Material and methods. We examined 135 patients with non valvular AF. SCI were detected in 31.1 % of patients, and in total superficial infarctions were detected in 9.6 %, SCI ≥ 15 mm in 7.4 % of patients and basal SCI in 21.8 %.
Results. The results of univariate analysis showed that low left atrial appendage velocity < 30 cm/s was significantly associated with both superficial and SCI ≥ 15 mm, Р=0.01 and 0.007, respectively. Basal SCI were significantly associated with age ≥ 65 years and creatinine clearance < 90 ml/min. At the time of the study only 14.5 % of patients had international normalized ratio (INR) 2–3. Results of the survey showed that 43.9 % of respondents didn’t know anything about warfarin. Only 42.2 % used warfarin and 37.8 % didn’t use neither anticoagulants, nor aspirin. We found that only 17.2 % of respondents measured INR regularly, 54.3 % patients did not know what is INR. Moreover, among patients on warfarin 68.9 % did nothing if their INR was unsatisfactory. There was significant inverse association between the use of warfarin > 3 and INR 2–3 at the time of the study and superficial P=0.03, χ2=4.9 and basal SCI P=0.02, χ2=5.3.
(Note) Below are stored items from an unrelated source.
(* For every $x\in(0,1/2]$, $$4x(1-x)\log_2\!\left(\frac{1}{x(1-x)}\right)\ \ge\ x\,G(1/x)\ \ge\ x(1-x)\left(4+\log\frac{1}{4x(1-x)}\right),$$ $$2x\log_2(1/x)\ \ge\ x\,G(1/x)\ \ge\ x\left(2+\log\frac{1}{2x}\right),$$ and $\displaystyle\lim_{x\to0^+}\frac{G(1/x)}{\log(1/x)}=1$.
   Context: $\log$ is the natural logarithm. $G:[2,\infty)\to\mathbb{R}$ is defined by $G(2)=2$ and, for $x\in(0,1/2)$, $G(1/x)=\dfrac{\gamma^2e^{\gamma}}{e^{\gamma}(\gamma-1)+1}$, where $\gamma>0$ is the unique solution of $x=\dfrac{e^{\gamma}(\gamma-1)+1}{(e^{\gamma}-1)^2}$. *)

theory Defs
  imports "HOL-Analysis.Analysis"
begin

definition phi :: "real \<Rightarrow> real" where
  "phi g = (exp g * (g - 1) + 1) / (exp g - 1)^2"

text \<open>G : [2,oo) -> R.  G 2 = 2, and for x in (0,1/2), G(1/x) = g^2 e^g / (e^g (g-1) + 1)
  where g > 0 is the unique solution of x = phi g.  Values below 2 are irrelevant.\<close>
definition G :: "real \<Rightarrow> real" where
  "G y = (if y = 2 then 2
          else (let g = (THE g. g > 0 \<and> 1 / y = phi g)
                in g^2 * exp g / (exp g * (g - 1) + 1)))"

end

theory Submission
  imports Defs "HOL-Real_Asymp.Real_Asymp"
begin

text \<open>
  Since phi decreases from 1/2 to 0 on (0,oo), every x in (0,1/2) is phi g for a unique g > 0, and
  then x G(1/x) = g^2 e^g / (e^g - 1)^2.  This value is the minimum over h > 0 of
  psi x h = h x + h / (e^h - 1), whose derivative in h is x - phi h.  Evaluating psi at
  h = 2 ln (1/(2x)) gives the upper bound 2x log_2 (1/x), and at h = L + ln L with L = ln (1/x)
  it gives G(1/x) \<le> L + ln L + o(1).
  The lower bound x(1-x)(4 + ln (1/(4x(1-x)))) says that a certain function of g is nonnegative;
  it vanishes as g \<rightarrow> 0, and its derivative is, after substituting g = 2t, a positive multiple of a
  combination of t^a cosh (kt) and t^a sinh (kt) whose Taylor coefficients are all nonnegative.
  The two remaining bounds are elementary comparisons of the bounding functions.
\<close>

lemma exp_sub_one_sub_pos:
  fixes g :: real assumes "g \<noteq> 0" shows "0 < exp g - 1 - g"
  using exp_minus_greater[of "-g"] assms by simp

lemma exp_mult_sub_one_add_one_pos:
  fixes g :: real assumes "g \<noteq> 0" shows "0 < exp g * (g - 1) + 1"
proof -
  have "exp g * (1 - g) < exp g * exp (-g)"
    using exp_minus_greater[of g] assms by simp
  then show ?thesis by (simp add: exp_minus algebra_simps)
qed

lemma exp_minus_one_less_half: "exp (-1) < (1/2 :: real)"
  using exp_minus_greater[of "-1"] by (simp add: exp_minus field_simps)

lemma two_mul_exp_sub_one_less:
  fixes g :: real assumes "0 < g" shows "2 * (exp g - 1) < g * (exp g + 1)"
proof -
  let ?k = "\<lambda>y. y * (exp y + 1) - 2 * (exp y - 1)"
  have "?k 0 < ?k g"
  proof (rule DERIV_pos_imp_increasing_open[OF assms])
    fix y :: real assume "0 < y"
    have "(?k has_real_derivative exp y * (y - 1) + 1) (at y)"
      by (rule derivative_eq_intros refl | simp add: algebra_simps)+
    then show "\<exists>z. (?k has_real_derivative z) (at y) \<and> 0 < z"
      using exp_mult_sub_one_add_one_pos[of y] \<open>0 < y\<close> by auto
  qed (intro continuous_intros)
  then show ?thesis by simp
qed

section \<open>The function phi\<close>

lemma phi_pos: "0 < g \<Longrightarrow> 0 < phi g"
  using exp_mult_sub_one_add_one_pos[of g] by (simp add: phi_def)

lemma phi_has_derivative:
  assumes "g \<noteq> 0"
  shows "(phi has_real_derivative - exp g * (g * (exp g + 1) - 2 * (exp g - 1)) / (exp g - 1)^3) (at g)"
proof -
  have nz: "(exp g - 1)^2 \<noteq> 0" using assms by simp
  show ?thesis
    unfolding phi_def[abs_def]
    apply (rule derivative_eq_intros refl nz)+
    using nz apply (simp add: divide_simps)
    apply algebra
    done
qed

lemma phi_strict_antimono: assumes "0 < a" "a < b" shows "phi b < phi a"
proof (rule DERIV_neg_imp_decreasing[OF assms(2)])
  fix g assume "a \<le> g" "g \<le> b"
  then have "0 < g" using assms by simp
  have "0 < exp g * (g * (exp g + 1) - 2 * (exp g - 1))"
    using two_mul_exp_sub_one_less[OF \<open>0 < g\<close>] by simp
  moreover have "0 < (exp g - 1)^3" using \<open>0 < g\<close> by simp
  ultimately show "\<exists>y. (phi has_real_derivative y) (at g) \<and> y < 0"
    using phi_has_derivative[of g] \<open>0 < g\<close> by (auto intro!: divide_pos_pos)
qed

lemma phi_inj: "0 < g \<Longrightarrow> 0 < h \<Longrightarrow> phi g = phi h \<Longrightarrow> g = h"
  using phi_strict_antimono[of g h] phi_strict_antimono[of h g] by (cases g h rule: linorder_cases) auto

lemma phi_tendsto_at_right_0: "(phi \<longlongrightarrow> 1/2) (at_right 0)"
  unfolding phi_def by real_asymp

lemma phi_tendsto_at_top: "(phi \<longlongrightarrow> 0) at_top"
  unfolding phi_def by real_asymp

lemma phi_less_half: assumes "0 < g" shows "phi g < 1/2"
proof -
  have "\<forall>\<^sub>F y in at_right 0. phi (g/2) \<le> phi y"
    using assms unfolding eventually_at_right_field
    by (auto intro!: exI[of _ "g/2"] less_imp_le phi_strict_antimono)
  then have "phi (g/2) \<le> 1/2"
    by (intro tendsto_lowerbound[OF phi_tendsto_at_right_0]) auto
  then show ?thesis using phi_strict_antimono[of "g/2" g] assms by simp
qed

lemma phi_surj: assumes "0 < x" "x < 1/2" obtains g where "0 < g" "phi g = x"
proof -
  obtain c where "0 < c" and c: "\<And>y. 0 < y \<Longrightarrow> y < c \<Longrightarrow> x < phi y"
    using order_tendstoD(1)[OF phi_tendsto_at_right_0, of x] assms
    unfolding eventually_at_right_field by auto
  define a where "a = c / 2"
  have a: "0 < a" "x < phi a" using \<open>0 < c\<close> c[of a] by (auto simp: a_def)
  obtain N where N: "\<And>y. N \<le> y \<Longrightarrow> phi y < x"
    using order_tendstoD(2)[OF phi_tendsto_at_top, of x] assms
    unfolding eventually_at_top_linorder by auto
  define b where "b = max N (a + 1)"
  have b: "a < b" "phi b < x" using N[of b] by (auto simp: b_def)
  have "\<forall>g. a \<le> g \<and> g \<le> b \<longrightarrow> isCont phi g"
    using a(1) by (auto intro!: DERIV_isCont[OF phi_has_derivative])
  then obtain g where "a \<le> g" "phi g = x"
    using IVT2[of phi b x a] a b by auto
  with a(1) show ?thesis using that[of g] by simp
qed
Conclusions. Silent cerebral infarctions are not uncommon in patients with AF. Large and superficial SCI in the absence of atherosclerosis of carotid and/or large brain arteries commonly have embolic source. Patients with AF have inadequate knowledge about anticoagulants, and those on warfarin have inadequate adherence and control of anticoagulation. This kind of inadequacy was associated with SCI. Further implementation of interventions that have been shown to improve anticoagulation control are necessary for patients with AF.